lemma kernel_dim_eq_card_image:
  fixes A :: "'a::field mat" and g :: "nat \<Rightarrow> 'b"
  assumes A: "A \<in> carrier_mat N N"
    and ker: "\<And>v. v \<in> mat_kernel A \<longleftrightarrow> dim_vec v = N \<and> (\<forall>i<N. \<forall>j<N. g i = g j \<longrightarrow> v $ i = v $ j)"
  shows "kernel_dim A = card (g ` {..<N})"
proof -
  interpret K: kernel N N A using A by unfold_locales
  define e :: "'b \<Rightarrow> 'a vec" where "e = fibre_indicator N g"
  define B where "B = e ` g ` {..<N}"
  have finB: "finite B" unfolding B_def by simp
  have B_ker: "B \<subseteq> mat_kernel A"
    unfolding B_def e_def fibre_indicator_def using ker by auto
  have lincomb: "K.lincomb a B $ i = a (e (g i))" if "i < N" for a i
    using K.lincomb_fibre_indicators_index[OF B_ker[unfolded B_def e_def] that] unfolding B_def e_def .
  have "K.lin_indpt B"
  proof (rule K.Ker.finite_lin_indpt2[OF finB B_ker])
    fix a assume "a \<in> B \<rightarrow> UNIV" and zero: "K.lincomb a B = 0\<^sub>v N"
    show "\<forall>b\<in>B. a b = 0"
    proof
      fix b assume "b \<in> B"
      then obtain i where "i < N" "b = e (g i)" unfolding B_def by blast
      then show "a b = 0" using lincomb[of i a] zero by simp
    qed
  qed
  moreover have "mat_kernel A \<subseteq> K.span B"
  proof
    fix v assume v: "v \<in> mat_kernel A"
    define a where "a b = v $ (SOME j. j < N \<and> e (g j) = b)" for b
    have "K.lincomb a B = v"
    proof (rule eq_vecI)
      show "dim_vec (K.lincomb a B) = dim_vec v"
        using K.Ker.lincomb_closed[OF B_ker] v ker by (metis Pi_UNIV UNIV_I)
      fix i assume "i < dim_vec v"
      then have i: "i < N" using v ker by simp
      then obtain j where j: "j < N" "e (g j) = e (g i)" "a (e (g i)) = v $ j"
        unfolding a_def by (metis (mono_tags, lifting) someI_ex)
      then have "g j = g i"
        using i inj_on_fibre_indicator[of N g] unfolding e_def by (auto dest: inj_onD)
      then show "K.lincomb a B $ i = v $ i"
        using lincomb[OF i] i j v ker by metis
    qed
    then show "v \<in> K.span B" using finB unfolding K.Ker.span_def by blast
  qed
  ultimately have "K.basis B"
    unfolding K.Ker.basis_def using B_ker K.Ker.span_is_subset2[OF B_ker] by auto
  then have "kernel_dim A = card B" using K.Ker.dim_basis[OF finB] by simp
  also have "\<dots> = card (g ` {..<N})"
    unfolding B_def e_def by (rule card_image[OF inj_on_fibre_indicator])
  finally show ?thesis .
qed

section \<open>The Hamiltonian acting on functions of configurations\<close>

definition config_of :: "nat \<Rightarrow> nat \<Rightarrow> nat \<Rightarrow> int list" where
  "config_of s n i = map (spin s i) [0..<n]"

fun index_of :: "nat \<Rightarrow> int list \<Rightarrow> nat" where
  "index_of s [] = 0"
| "index_of s (x # xs) = nat (x + int s) + ldim s * index_of s xs"

lemma spin_in_spins: "spin s i k \<in> spins s"
proof -
  have "(i div ldim s ^ k) mod ldim s < 2 * s + 1"
    unfolding ldim_def by simp
  then show ?thesis unfolding spin_def spins_def by auto
qed

lemma config_of_in_configs: "config_of s n i \<in> configs s n"
  unfolding config_of_def configs_def using spin_in_spins by auto

lemma config_of_Suc: "config_of s (Suc n) i = spin s i 0 # config_of s n (i div ldim s)"
  unfolding config_of_def map_upt_Suc spin_def by (simp add: div_mult2_eq)

lemma index_of_config_of: "i < ldim s ^ n \<Longrightarrow> index_of s (config_of s n i) = i"
proof (induction n arbitrary: i)
  case 0
  then show ?case by (simp add: config_of_def)
next
  case (Suc n)
  then have "i div ldim s < ldim s ^ n"
    by (simp add: less_mult_imp_div_less mult.commute)
  with Suc.IH show ?case
    unfolding config_of_Suc spin_def by simp
qed

lemma config_of_index_of:
  "xs \<in> configs s n \<Longrightarrow> config_of s n (index_of s xs) = xs \<and> index_of s xs < ldim s ^ n"
proof (induction xs arbitrary: n)
  case Nil
  then show ?case by (simp add: configs_def config_of_def)
next
  case (Cons x xs)
  then obtain n' where n: "n = Suc n'" and xs: "xs \<in> configs s n'" and x: "x \<in> spins s"
    unfolding configs_def by (cases n) auto
  define d where "d = nat (x + int s)"
  define e where "e = index_of s xs"
  have d: "d < ldim s" "int d - int s = x"
    using x unfolding d_def spins_def ldim_def by auto
  have IH: "config_of s n' e = xs" "e < ldim s ^ n'"
    using Cons.IH[OF xs] unfolding e_def by auto
  have "d + ldim s * e < ldim s * ldim s ^ n'"
  proof -
    have "ldim s * (e + 1) \<le> ldim s * ldim s ^ n'"
      using IH(2) by (intro mult_le_mono2) simp
    then show ?thesis using d(1) by simp
  qed
  moreover have "index_of s (x # xs) = d + ldim s * e"
    unfolding d_def e_def by simp
  ultimately show ?case
    using d IH(1) unfolding n config_of_Suc spin_def by simp
qed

==========

WORK TO COMPLETE: Repeat the records above line by line, from the first line through the line that contains "fix a assume".

ANSWER FOR THIS EXERCISE:
lemma kernel_dim_eq_card_image:
  fixes A :: "'a::field mat" and g :: "nat \<Rightarrow> 'b"
  assumes A: "A \<in> carrier_mat N N"
    and ker: "\<And>v. v \<in> mat_kernel A \<longleftrightarrow> dim_vec v = N \<and> (\<forall>i<N. \<forall>j<N. g i = g j \<longrightarrow> v $ i = v $ j)"
  shows "kernel_dim A = card (g ` {..<N})"
proof -
  interpret K: kernel N N A using A by unfold_locales
  define e :: "'b \<Rightarrow> 'a vec" where "e = fibre_indicator N g"
  define B where "B = e ` g ` {..<N}"
  have finB: "finite B" unfolding B_def by simp
  have B_ker: "B \<subseteq> mat_kernel A"
    unfolding B_def e_def fibre_indicator_def using ker by auto
  have lincomb: "K.lincomb a B $ i = a (e (g i))" if "i < N" for a i
    using K.lincomb_fibre_indicators_index[OF B_ker[unfolded B_def e_def] that] unfolding B_def e_def .
  have "K.lin_indpt B"
  proof (rule K.Ker.finite_lin_indpt2[OF finB B_ker])
    fix a assume "a \<in> B \<rightarrow> UNIV" and zero: "K.lincomb a B = 0\<^sub>v N"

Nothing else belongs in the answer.